WHAT IS REQUIRED:
Copy out the listing exactly.

☆ ☆ ☆ ☆ ☆ ☆ ☆

lemma arc_iso_iff_arc_iso_map: "arc_iso G H \<longleftrightarrow> (\<exists>\<Gamma>. arc_iso_map \<Gamma> G H)"
  by (simp add: arc_iso_def arc_iso_map_def)

lemma arc_iso_map_if_preserves_walk_ends:
  assumes G: "decision_structure G" and H: "decision_structure H"
    and r0G: "r0 \<notin> lab G ` arcs G" and r0H: "r0 \<notin> lab H ` arcs H"
    and bij: "bij_betw \<Gamma> (nodes G) (nodes H)" and pres: "preserves_walk_ends \<Gamma> G H"
  shows "arc_iso_map \<Gamma> G H"
  unfolding arc_iso_map_def
proof (intro exI[of _ \<Gamma>] conjI bij ballI)
  fix u v assume u: "u \<in> nodes G" and v: "v \<in> nodes G"
  let ?\<Gamma>' = "inv_into (nodes G) \<Gamma>"
  have "(?\<Gamma>' (\<Gamma> u), ?\<Gamma>' (\<Gamma> v)) \<in> arcs G" if "(\<Gamma> u, \<Gamma> v) \<in> arcs H"
    using preserves_walk_ends_arc[OF H G r0H r0G bij_betw_inv_into[OF bij]
        preserves_walk_ends_inv[OF bij pres] that] by blast
  then show "(u, v) \<in> arcs G \<longleftrightarrow> (\<Gamma> u, \<Gamma> v) \<in> arcs H"
    using preserves_walk_ends_arc[OF G H r0G r0H bij pres] u v bij
    by (auto simp: bij_betw_inv_into_left)
  show "(u, v) \<in> arcs G \<longrightarrow> lab G (u, v) = lab H (\<Gamma> u, \<Gamma> v)"
    using preserves_walk_ends_arc[OF G H r0G r0H bij pres] by simp
qed

lemma source_arc_iso_map:
  assumes G: "decision_structure G" and H: "decision_structure H" and iso: "arc_iso_map \<Gamma> G H"
  shows "source H = \<Gamma> (source G)"
proof (rule source_eqI[OF H])
  have bij: "bij_betw \<Gamma> (nodes G) (nodes H)" using iso by (simp add: arc_iso_map_def)
  have s: "source G \<in> nodes G" "\<forall>x. (x, source G) \<notin> arcs G"
    using is_source_source[OF G] by (simp_all add: is_source_def)
  have "(y, \<Gamma> (source G)) \<notin> arcs H" for y
  proof
    assume arc: "(y, \<Gamma> (source G)) \<in> arcs H"
    then obtain x where "x \<in> nodes G" "y = \<Gamma> x"
      using arc_in_nodes[OF H] bij by (metis bij_betw_imp_surj_on imageE)
    then have "(x, source G) \<in> arcs G" using arc s(1) iso by (simp add: arc_iso_map_def)
    then show False using s(2) by blast
  qed
  then show "is_source H (\<Gamma> (source G))"
    using s(1) bij by (simp add: is_source_def bij_betw_apply)
qed

lemma walk_step_arc_iso_map:
  assumes iso: "arc_iso_map \<Gamma> G H" and agree: "\<forall>x\<in>nodes G. f' (\<Gamma> x) = f x"
    and "x \<in> nodes G" "y \<in> nodes G"
  shows "(\<Gamma> x, \<Gamma> y) \<in> walk_step H f' \<longleftrightarrow> (x, y) \<in> walk_step G f"
  using assms unfolding arc_iso_map_def walk_step_def by auto

lemma walk_end_arc_iso_map:
  assumes G: "decision_structure G" and H: "decision_structure H" and iso: "arc_iso_map \<Gamma> G H"
    and agree: "\<forall>x\<in>nodes G. f' (\<Gamma> x) = f x" and x_end: "walk_end G f x"
  shows "walk_end H f' (\<Gamma> x)"
proof -
  have "(source G, x) \<in> (walk_step G f)\<^sup>*" using x_end by (simp add: walk_end_def)
  then have "(source H, \<Gamma> x) \<in> (walk_step H f')\<^sup>*"
  proof (induction rule: rtrancl_induct)
    case base
    then show ?case by (simp add: source_arc_iso_map[OF G H iso])
  next
    case (step a b)
    have "a \<in> nodes G" "b \<in> nodes G" using step.hyps(2) walk_step_subset_arcs arc_in_nodes[OF G] by blast+
    then have "(\<Gamma> a, \<Gamma> b) \<in> walk_step H f'"
      using walk_step_arc_iso_map[OF iso agree] step.hyps(2) by blast
    with step.IH show ?case by simp
  qed
  moreover have "\<Gamma> x \<notin> Domain (walk_step H f')"
  proof
    assume "\<Gamma> x \<in> Domain (walk_step H f')"
    then obtain y' where xy': "(\<Gamma> x, y') \<in> walk_step H f'" by blast
    then have "y' \<in> nodes H" using walk_step_subset_arcs arc_in_nodes[OF H] by blast
    then obtain y where y: "y \<in> nodes G" "y' = \<Gamma> y"
      using iso unfolding arc_iso_map_def by (metis bij_betw_imp_surj_on imageE)
    then have "(x, y) \<in> walk_step G f"
      using walk_step_arc_iso_map[OF iso agree walk_end_in_nodes[OF G x_end]] xy' by blast
    then show False using x_end by (auto simp: walk_end_def)
  qed
  ultimately show ?thesis by (simp add: walk_end_def)
qed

☆ ☆ ☆ ☆ ☆ ☆ ☆

SOLUTION TO THIS TASK:
lemma arc_iso_iff_arc_iso_map: "arc_iso G H \<longleftrightarrow> (\<exists>\<Gamma>. arc_iso_map \<Gamma> G H)"
  by (simp add: arc_iso_def arc_iso_map_def)

lemma arc_iso_map_if_preserves_walk_ends:
  assumes G: "decision_structure G" and H: "decision_structure H"
    and r0G: "r0 \<notin> lab G ` arcs G" and r0H: "r0 \<notin> lab H ` arcs H"
    and bij: "bij_betw \<Gamma> (nodes G) (nodes H)" and pres: "preserves_walk_ends \<Gamma> G H"
  shows "arc_iso_map \<Gamma> G H"
  unfolding arc_iso_map_def
proof (intro exI[of _ \<Gamma>] conjI bij ballI)
  fix u v assume u: "u \<in> nodes G" and v: "v \<in> nodes G"
  let ?\<Gamma>' = "inv_into (nodes G) \<Gamma>"
  have "(?\<Gamma>' (\<Gamma> u), ?\<Gamma>' (\<Gamma> v)) \<in> arcs G" if "(\<Gamma> u, \<Gamma> v) \<in> arcs H"
    using preserves_walk_ends_arc[OF H G r0H r0G bij_betw_inv_into[OF bij]
        preserves_walk_ends_inv[OF bij pres] that] by blast
  then show "(u, v) \<in> arcs G \<longleftrightarrow> (\<Gamma> u, \<Gamma> v) \<in> arcs H"
    using preserves_walk_ends_arc[OF G H r0G r0H bij pres] u v bij
    by (auto simp: bij_betw_inv_into_left)
  show "(u, v) \<in> arcs G \<longrightarrow> lab G (u, v) = lab H (\<Gamma> u, \<Gamma> v)"
    using preserves_walk_ends_arc[OF G H r0G r0H bij pres] by simp
qed

lemma source_arc_iso_map:
  assumes G: "decision_structure G" and H: "decision_structure H" and iso: "arc_iso_map \<Gamma> G H"
  shows "source H = \<Gamma> (source G)"
proof (rule source_eqI[OF H])
  have bij: "bij_betw \<Gamma> (nodes G) (nodes H)" using iso by (simp add: arc_iso_map_def)
  have s: "source G \<in> nodes G" "\<forall>x. (x, source G) \<notin> arcs G"
    using is_source_source[OF G] by (simp_all add: is_source_def)
  have "(y, \<Gamma> (source G)) \<notin> arcs H" for y
  proof
    assume arc: "(y, \<Gamma> (source G)) \<in> arcs H"
    then obtain x where "x \<in> nodes G" "y = \<Gamma> x"
      using arc_in_nodes[OF H] bij by (metis bij_betw_imp_surj_on imageE)
    then have "(x, source G) \<in> arcs G" using arc s(1) iso by (simp add: arc_iso_map_def)
    then show False using s(2) by blast
  qed
  then show "is_source H (\<Gamma> (source G))"
    using s(1) bij by (simp add: is_source_def bij_betw_apply)
qed

lemma walk_step_arc_iso_map:
  assumes iso: "arc_iso_map \<Gamma> G H" and agree: "\<forall>x\<in>nodes G. f' (\<Gamma> x) = f x"
    and "x \<in> nodes G" "y \<in> nodes G"
  shows "(\<Gamma> x, \<Gamma> y) \<in> walk_step H f' \<longleftrightarrow> (x, y) \<in> walk_step G f"
  using assms unfolding arc_iso_map_def walk_step_def by auto

lemma walk_end_arc_iso_map:
  assumes G: "decision_structure G" and H: "decision_structure H" and iso: "arc_iso_map \<Gamma> G H"
    and agree: "\<forall>x\<in>nodes G. f' (\<Gamma> x) = f x" and x_end: "walk_end G f x"
  shows "walk_end H f' (\<Gamma> x)"
proof -
  have "(source G, x) \<in> (walk_step G f)\<^sup>*" using x_end by (simp add: walk_end_def)
  then have "(source H, \<Gamma> x) \<in> (walk_step H f')\<^sup>*"
  proof (induction rule: rtrancl_induct)
    case base
    then show ?case by (simp add: source_arc_iso_map[OF G H iso])
  next
    case (step a b)
    have "a \<in> nodes G" "b \<in> nodes G" using step.hyps(2) walk_step_subset_arcs arc_in_nodes[OF G] by blast+
    then have "(\<Gamma> a, \<Gamma> b) \<in> walk_step H f'"
      using walk_step_arc_iso_map[OF iso agree] step.hyps(2) by blast
    with step.IH show ?case by simp
  qed
  moreover have "\<Gamma> x \<notin> Domain (walk_step H f')"
  proof
    assume "\<Gamma> x \<in> Domain (walk_step H f')"
    then obtain y' where xy': "(\<Gamma> x, y') \<in> walk_step H f'" by blast
    then have "y' \<in> nodes H" using walk_step_subset_arcs arc_in_nodes[OF H] by blast
    then obtain y where y: "y \<in> nodes G" "y' = \<Gamma> y"
      using iso unfolding arc_iso_map_def by (metis bij_betw_imp_surj_on imageE)
    then have "(x, y) \<in> walk_step G f"
      using walk_step_arc_iso_map[OF iso agree walk_end_in_nodes[OF G x_end]] xy' by blast
    then show False using x_end by (auto simp: walk_end_def)
  qed
  ultimately show ?thesis by (simp add: walk_end_def)
qed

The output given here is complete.